| Title: | Empirical Likelihood-Based Approximate Bayesian Computation |
| Version: | 1.0 |
| Description: | Empirical likelihood-based approximate Bayesian Computation. Approximates the required posterior using empirical likelihood and estimated differential entropy. This is achieved without requiring any specification of the likelihood or estimating equations that connects the observations with the underlying parameters. The procedure is known to be posterior consistent. More details can be found in Chaudhuri, Ghosh, and Kim (2024) <doi:10.1002/SAM.11711>. |
| License: | GPL-2 |
| Encoding: | UTF-8 |
| RoxygenNote: | 7.3.3 |
| Imports: | MASS, emplik, methods, FNN, corpcor |
| NeedsCompilation: | yes |
| Packaged: | 2025-11-07 21:12:34 UTC; schaudhuri2 |
| Author: | Nicholas Chua [aut], Riddhimoy Ghosh [aut], Sanjay Chaudhuri [aut, cre] |
| Maintainer: | Sanjay Chaudhuri <schaudhuri2@unl.edu> |
| Repository: | CRAN |
| Date/Publication: | 2025-11-21 14:40:02 UTC |
Empirical Likelihood-based Approximate Bayesian Computation
Description
Perform empirical likelihood-based posterior approximation for ABC problems.
Usage
abcel(
data.obs,
theta0,
rep,
m,
n,
burn_in,
data.func,
summ.func,
prior.func,
proposal.func = NULL,
transform.func = NULL,
fixed.summ.num = TRUE,
print_interval = 1000,
plot_interval = 0,
which_plot = NULL,
k = NULL,
...
)
Arguments
data.obs |
Observed data. |
theta0 |
Initial parameter values. |
rep |
number of MCMC runs. |
m |
number of generated samples statistics. |
n |
size of the data. |
burn_in |
size of the burn-in. |
data.func |
This function is used for generating the data. |
summ.func |
This function is used for generating the statistics on the data. |
prior.func |
Prior function. |
proposal.func |
This function is used to propose a new theta given the old thetas. This function needs to include the ellipsis argument. |
transform.func |
The function is used to transform the theta that will be fed to the generate data function. This function also needs to include the ellipsis argument. The default argument is the identity function. |
fixed.summ.num |
If the number of the summary statistics remains fixed from one MCMC step to another. (Defaults to TRUE). |
print_interval |
Fixed interval of iterations to print the results, if it's set to NULL, it will not print. |
plot_interval |
Fixed interval of iterations to plot the results, if it's set to NULL, there will be no plots. |
which_plot |
vector of parameters to plot. |
k |
order of the nearest neighbor to be used for k-NN based differential entropy estimation. |
... |
Args for transformation and proposal functions. |
Details
By default, the sampler performs an adaptive random walk on the parameters with N(0,initial.cov) as its proposal density for the first initial_interval steps. Subsequently, the variance of the proposal Normal density will be updated based on the previously sampled parameters.

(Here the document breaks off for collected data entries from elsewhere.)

lemma count_mod_Cons_other [simp]: "x \<noteq> c \<Longrightarrow> count_mod c m (x # w) = count_mod c m w"
  unfolding count_mod_def by simp

lemma count_mod_replicate [simp]:
  "count_mod c m (replicate k x) = (if x = c then k mod m else 0)"
  unfolding count_mod_def by (simp add: count_list_replicate)

lemma count_mod_image:
  assumes "0 < m" "c \<in> A"
  shows "count_mod c m ` lists A = {..<m}"
proof
  show "count_mod c m ` lists A \<subseteq> {..<m}" using count_mod_less[OF assms(1)] by auto
  show "{..<m} \<subseteq> count_mod c m ` lists A"
  proof
    fix x assume "x \<in> {..<m}"
    then have "count_mod c m (replicate x c) = x" by simp
    then show "x \<in> count_mod c m ` lists A"
      using assms(2) by (intro image_eqI[of x _ "replicate x c"]) auto
  qed
qed

definition count_divisible_lang :: "'a set \<Rightarrow> 'a \<Rightarrow> nat \<Rightarrow> 'a list set" where
  "count_divisible_lang A c m = {w \<in> lists A. count_mod c m w = 0}"

lemma syntactic_congruence_count_divisible_lang:
  assumes "0 < m" "c \<in> A" "u \<in> lists A" "v \<in> lists A"
  shows "(u, v) \<in> syntactic_congruence A (count_divisible_lang A c m)
    \<longleftrightarrow> count_mod c m u = count_mod c m v"
proof
  let ?r = "minus_mod m (count_mod c m u)"
  assume "(u, v) \<in> syntactic_congruence A (count_divisible_lang A c m)"
  moreover have rep: "replicate ?r c \<in> lists A" using assms(2) by auto
  ultimately have "[] @ u @ replicate ?r c \<in> count_divisible_lang A c m
      \<longleftrightarrow> [] @ v @ replicate ?r c \<in> count_divisible_lang A c m"
    unfolding syntactic_congruence_def by blast
  then have "count_mod c m (u @ replicate ?r c) = 0 \<longleftrightarrow> count_mod c m (v @ replicate ?r c) = 0"
    using assms(3,4) rep by (simp add: count_divisible_lang_def)
  then have "(?r + count_mod c m v) mod m = 0"
    using add_minus_mod[OF assms(1), of "count_mod c m u"] minus_mod_less[OF assms(1)]
    by (simp add: count_mod_append add.commute)
  moreover have "(?r + count_mod c m u) mod m = 0"
    using minus_mod_add[OF assms(1)] .
  ultimately show "count_mod c m u = count_mod c m v"
    using add_mod_left_cancel[OF count_mod_less count_mod_less, OF assms(1) assms(1)] by metis
next
  assume "count_mod c m u = count_mod c m v"
  then show "(u, v) \<in> syntactic_congruence A (count_divisible_lang A c m)"
    using assms(3,4)
    unfolding syntactic_congruence_def count_divisible_lang_def by (auto simp: count_mod_append)
qed

subsection \<open>Counting syntactic classes through a complete invariant\<close>

lemma bij_betw_syntactic_monoid:
  assumes "\<And>u v. u \<in> lists A \<Longrightarrow> v \<in> lists A \<Longrightarrow>
             (u, v) \<in> syntactic_congruence A R \<longleftrightarrow> f u = f v"
  shows "bij_betw (\<lambda>z. {w \<in> lists A. f w = z}) (f ` lists A) (syntactic_monoid A R)"
proof (rule bij_betw_imageI)
  show "inj_on (\<lambda>z. {w \<in> lists A. f w = z}) (f ` lists A)"
  proof (rule inj_onI)
    fix z z' assume "z \<in> f ` lists A" and same: "{w \<in> lists A. f w = z} = {w \<in> lists A. f w = z'}"
    then obtain u where "u \<in> lists A" "f u = z" by blast
    then show "z = z'" using same by blast
  qed
  have words: "(u, w) \<in> syntactic_congruence A R \<Longrightarrow> w \<in> lists A" for u w
    by (simp add: syntactic_congruence_def)
  have "syntactic_congruence A R `` {u} = {w \<in> lists A. f w = f u}" if "u \<in> lists A" for u
  proof (rule set_eqI)
    fix w
    show "w \<in> syntactic_congruence A R `` {u} \<longleftrightarrow> w \<in> {w \<in> lists A. f w = f u}"
      unfolding Image_singleton_iff mem_Collect_eq using assms[OF that, of w] words[of u w] by metis
  qed
  then show "(\<lambda>z. {w \<in> lists A. f w = z}) ` f ` lists A = syntactic_monoid A R"
    unfolding syntactic_monoid_def quotient_def by auto
qed

lemma syntactic_monoid_count_divisible_lang:
  assumes "0 < m" "c \<in> A"
  shows "finite (syntactic_monoid A (count_divisible_lang A c m))"
    and "card (syntactic_monoid A (count_divisible_lang A c m)) = m"
proof -
  have bij: "bij_betw (\<lambda>z. {w \<in> lists A. count_mod c m w = z}) {..<m}
      (syntactic_monoid A (count_divisible_lang A c m))"
    using bij_betw_syntactic_monoid[of A "count_divisible_lang A c m" "count_mod c m"]
      syntactic_congruence_count_divisible_lang[OF assms] count_mod_image[OF assms] by simp
  show "finite (syntactic_monoid A (count_divisible_lang A c m))"
    using bij_betw_finite[OF bij] by simp
  show "card (syntactic_monoid A (count_divisible_lang A c m)) = m"
    using bij_betw_same_card[OF bij] by simp
qed

subsection \<open>Factorisations at the marker letter\<close>

lemma append_eq_append_Cons_conv:
  "x @ y = u @ a # v \<longleftrightarrow> (\<exists>v'. x = u @ a # v' \<and> v = v' @ y) \<or> (\<exists>u'. u = x @ u' \<and> y = u' @ a # v)"
  by (auto simp: append_eq_append_conv2 append_eq_Cons_conv)

locale marked_product =
  fixes a b c :: 'a and m n :: nat
  assumes distinct_letters: "distinct [a, b, c]"
    and m_pos: "0 < m" and n_pos: "0 < n"
begin

lemma letters_neq [simp]: "a \<noteq> b" "b \<noteq> a" "a \<noteq> c" "c \<noteq> a" "b \<noteq> c" "c \<noteq> b"
  using distinct_letters by auto

abbreviation alphabet :: "'a set" where "alphabet \<equiv> {a, b, c}"
abbreviation K :: "'a list set" where "K \<equiv> count_divisible_lang alphabet b m"
abbreviation L :: "'a list set" where "L \<equiv> count_divisible_lang alphabet c n"
abbreviation bcount :: "'a list \<Rightarrow> nat" where "bcount \<equiv> count_mod b m"
abbreviation ccount :: "'a list \<Rightarrow> nat" where "ccount \<equiv> count_mod c n"
abbreviation grid :: "(nat \<times> nat) set" where "grid \<equiv> {..<m} \<times> {..<n}"

definition cuts :: "'a list \<Rightarrow> (nat \<times> nat) set" where
  "cuts w = {(bcount u, ccount v) | u v. w = u @ a # v}"

lemma mem_cutsI: "w = u @ a # v \<Longrightarrow> (bcount u, ccount v) \<in> cuts w"
  unfolding cuts_def by blast

lemma mem_cutsE:
  assumes "z \<in> cuts w"
  obtains u v where "w = u @ a # v" "z = (bcount u, ccount v)"
  using assms unfolding cuts_def by blast

lemma cuts_subset_grid: "cuts w \<subseteq> grid"
  unfolding cuts_def using count_mod_less m_pos n_pos by auto

lemma cuts_eq_empty: "a \<notin> set w \<Longrightarrow> cuts w = {}"
  unfolding cuts_def by auto

lemma cuts_append:
  "cuts (x @ y) = (\<lambda>(i, j). (i, (j + ccount y) mod n)) ` cuts x
     \<union> (\<lambda>(i, j). ((bcount x + i) mod m, j)) ` cuts y"
    (is "_ = ?left \<union> ?right")
proof (intro equalityI subsetI)
  fix z assume "z \<in> cuts (x @ y)"
  then obtain u v where z: "z = (bcount u, ccount v)" and split: "x @ y = u @ a # v"
    by (blast elim: mem_cutsE)
  from split consider (left) v' where "x = u @ a # v'" "v = v' @ y"
    | (right) u' where "u = x @ u'" "y = u' @ a # v"
    unfolding append_eq_append_Cons_conv by blast
  then show "z \<in> ?left \<union> ?right"
  proof cases
    case left
    have "z \<in> ?left"
      by (rule rev_image_eqI[OF mem_cutsI[OF left(1)]]) (simp add: z left count_mod_append)
    then show ?thesis ..
  next
    case right
    have "z \<in> ?right"
      by (rule rev_image_eqI[OF mem_cutsI[OF right(2)]]) (simp add: z right count_mod_append)
    then show ?thesis ..
  qed
next
  fix z assume "z \<in> ?left \<union> ?right"
  then show "z \<in> cuts (x @ y)"
  proof
    assume "z \<in> ?left"
    then obtain u v where "x = u @ a # v" "z = (bcount u, (ccount v + ccount y) mod n)"
      by (auto elim: mem_cutsE)
    then show ?thesis using mem_cutsI[of "x @ y" u "v @ y"] by (simp add: count_mod_append)
  next
    assume "z \<in> ?right"
    then obtain u v where "y = u @ a # v" "z = ((bcount x + bcount u) mod m, ccount v)"
      by (auto elim: mem_cutsE)
    then show ?thesis using mem_cutsI[of "x @ y" "x @ u" v] by (simp add: count_mod_append)
  qed
qed

lemma cuts_single_marker:
  assumes "a \<notin> set u" "a \<notin> set v"
  shows "cuts (u @ a # v) = {(bcount u, ccount v)}"
proof -
  have "cuts [a] = {(0, 0)}"
    unfolding cuts_def by (auto simp: Cons_eq_append_conv)
  then show ?thesis
    using cuts_append[of "u @ [a]" v] cuts_append[of u "[a]"] assms by (simp add: cuts_eq_empty)
qed

lemma mem_cuts_append:
  assumes "i < m" "j < n"
  shows "(i, j) \<in> cuts (x @ y) \<longleftrightarrow>
    (i, (j + minus_mod n (ccount y)) mod n) \<in> cuts x \<or> ((i + minus_mod m (bcount x)) mod m, j) \<in> cuts y"
proof -
  let ?j = "(j + minus_mod n (ccount y)) mod n" and ?i = "(i + minus_mod m (bcount x)) mod m"
  have j_iff: "(j' + ccount y) mod n = j \<longleftrightarrow> j' = ?j" if "j' < n" for j'
    using add_mod_eq_iff[OF that assms(2), of "ccount y"] by (simp only: add.commute)
  have i_iff: "(bcount x + i') mod m = i \<longleftrightarrow> i' = ?i" if "i' < m" for i'
    using add_mod_eq_iff[OF that assms(1)] .
  have "(i, j) \<in> (\<lambda>(i, j). (i, (j + ccount y) mod n)) ` cuts x \<longleftrightarrow> (i, ?j) \<in> cuts x"
  proof
    assume "(i, j) \<in> (\<lambda>(i, j). (i, (j + ccount y) mod n)) ` cuts x"
    then obtain j' where "(i, j') \<in> cuts x" "(j' + ccount y) mod n = j" by auto
    moreover from this have "j' < n" using cuts_subset_grid by blast
    ultimately show "(i, ?j) \<in> cuts x" using j_iff by simp
  next
    assume "(i, ?j) \<in> cuts x"
    moreover have "(?j + ccount y) mod n = j" using j_iff n_pos by simp
    ultimately show "(i, j) \<in> (\<lambda>(i, j). (i, (j + ccount y) mod n)) ` cuts x"
      by (force intro: rev_image_eqI)
  qed
  moreover have "(i, j) \<in> (\<lambda>(i, j). ((bcount x + i) mod m, j)) ` cuts y \<longleftrightarrow> (?i, j) \<in> cuts y"
  proof
    assume "(i, j) \<in> (\<lambda>(i, j). ((bcount x + i) mod m, j)) ` cuts y"
    then obtain i' where "(i', j) \<in> cuts y" "(bcount x + i') mod m = i" by auto
    moreover from this have "i' < m" using cuts_subset_grid by blast
    ultimately show "(?i, j) \<in> cuts y" using i_iff by simp
  next
    assume "(?i, j) \<in> cuts y"
    moreover have "(bcount x + ?i) mod m = i" using i_iff m_pos by simp
    ultimately show "(i, j) \<in> (\<lambda>(i, j). ((bcount x + i) mod m, j)) ` cuts y"
      by (force intro: rev_image_eqI)
  qed
  ultimately show ?thesis unfolding cuts_append by blast
qed

lemma zero_in_cuts_context:
  "(0, 0) \<in> cuts (p @ w @ q) \<longleftrightarrow>
     (0, minus_mod n (ccount (w @ q))) \<in> cuts p
     \<or> (minus_mod m (bcount p), minus_mod n (ccount q)) \<in> cuts w
     \<or> ((minus_mod m (bcount p) + minus_mod m (bcount w)) mod m, 0) \<in> cuts q"
  using mem_cuts_append[of 0 0 p "w @ q"] mem_cuts_append[of "minus_mod m (bcount p)" 0 w q]
    m_pos n_pos by (simp add: minus_mod_less)

lemma context_detects_cut:
  assumes "i < m" "j < n"
  defines "p \<equiv> replicate (minus_mod m i) b" and "q \<equiv> replicate (minus_mod n j) c"
  shows "(0, 0) \<in> cuts (p @ w @ q) \<longleftrightarrow> (i, j) \<in> cuts w"
  unfolding zero_in_cuts_context using assms m_pos n_pos
  by (simp add: cuts_eq_empty minus_mod_less minus_mod_minus_mod)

When defining a new proposal or a new transformation, be sure to insert the ellipsis argument.
Value
A list with the following components:
size: Size of the data.
logpost: The logarithm of the posterior numerator.
theta: A matrix of sampled theta values.
differential_entropy: A vector of computed differential entropies.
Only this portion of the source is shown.